- AIM OF THE TASK
Copy each line in the data below that contains the word "pdens".

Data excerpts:

definition Cmat :: "(nat \<Rightarrow> 'x) \<Rightarrow> (nat \<Rightarrow> bool) \<Rightarrow> nat \<Rightarrow> (nat \<Rightarrow> nat) \<Rightarrow> (nat \<Rightarrow> 'x \<Rightarrow> real)
   \<Rightarrow> (nat \<Rightarrow> bool \<Rightarrow> 'x \<Rightarrow> nat \<Rightarrow> real) \<Rightarrow> real mat" where
  "Cmat x a n fl ps beta = mat n n (\<lambda>(i,j).
     (let w = wgt x fl ps i; ai = (of_bool (a i) :: real); c = 1 / (2 * nf fl n (fl i)) in
      if i = j then c * (ai / w - (1 - ai) / (1 - w))
      else c * ((1 - ai / w) * beta (3 - fl i) True (x i) j
                + ((1 - ai) / (1 - w) - 1) * beta (3 - fl i) False (x i) j)))"

definition Emat :: "(nat \<Rightarrow> 'x) \<Rightarrow> nat \<Rightarrow> (nat \<Rightarrow> nat)
   \<Rightarrow> (nat \<Rightarrow> bool \<Rightarrow> 'x \<Rightarrow> nat \<Rightarrow> real) \<Rightarrow> real mat" where
  "Emat x n fl beta = mat n n (\<lambda>(i,j).
     if i = j then 0
     else 1 / (2 * nf fl n (fl i)) * (beta (3 - fl i) True (x i) j - beta (3 - fl i) False (x i) j))"
(* Let $\lambda\ge0$, $\delta>0$, $0<a<b$, let $\rho_c$ and $D$ be as in the context, let $0\le\eta<\infty$, let $Q$ be regular superadditive, and let $q\colon\mathbb{R}\times\mathbb{R}\to[0,\infty]$ be measurable. Assume that for all $s<t$ and $x<y$, $$D\int_s^t\int_{\mathbb{R}}\Big[\rho_{b-a}(s,x,u,z)+\rho_a(u,z,t,y)\Big]q(u,z)\,dz\,du\le\eta+Q(s,t).$$ Then $q\in\mathcal N(\rho_b,\rho_a,(b/a)^{1/2},\eta,Q)$.
   Context: For $t>0$, $z\in\mathbb{R}$ let $p(t,z)=(4\pi)^{-1/2}\delta t z^{-3/2}\exp\{-(\delta t-2\sqrt{\lambda}z)^2/(4z)\}\mathbf 1_{z>0}$; for $c>0$, $\rho_c(s,x,t,y)=c\,p(c(t-s),c(y-x))$ if $s<t$ and $0$ otherwise. $D=\left(\frac{b}{b-a}\right)^{3/2}\exp[\frac32 l(\frac{a}{b-a})]$ with $l(\alpha)=\max_{\tau\ge\alpha\vee1/\alpha}[\ln(1+\tau)-\frac{\tau-\alpha}{1+\tau}\ln(\alpha\tau)]$. $Q\colon\{(s,t):s<t\}\to[0,\infty)$ is regular superadditive if $Q(s,u)+Q(u,t)\le Q(s,t)$ for $s<u<t$ and $Q(s,t)$ is right-continuous in $s$ and left-continuous in $t$. For transition densities $p,p^*$ on $\mathbb{R}$, $C\ge1$, $\eta\in[0,\infty)$ and regular superadditive $Q$, we write $q\in\mathcal N(p,p^*,C,\eta,Q)$ if $q\ge0$ is measurable on $\mathbb{R}\times\mathbb{R}$, $\int_s^t\int_{\mathbb{R}}p(s,x,u,z)q(u,z)p^*(u,z,t,y)\,dz\,du\le[\eta+Q(s,t)]p^*(s,x,t,y)$ for all $s<t$, $x,y$, and $p\le Cp^*$ everywhere. *)

theory Defs
  imports "HOL-Analysis.Analysis"
begin

definition pdens :: "real \<Rightarrow> real \<Rightarrow> real \<Rightarrow> real \<Rightarrow> real" where
  "pdens lam del t z =
     (if z > 0 then (4 * pi) powr (-1/2) * del * t * z powr (-3/2)
        * exp (- ((del * t - 2 * sqrt lam * z)\<^sup>2) / (4 * z)) else 0)"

- EXERCISE OUTPUT
definition pdens :: "real \<Rightarrow> real \<Rightarrow> real \<Rightarrow> real \<Rightarrow> real" where
  "pdens lam del t z =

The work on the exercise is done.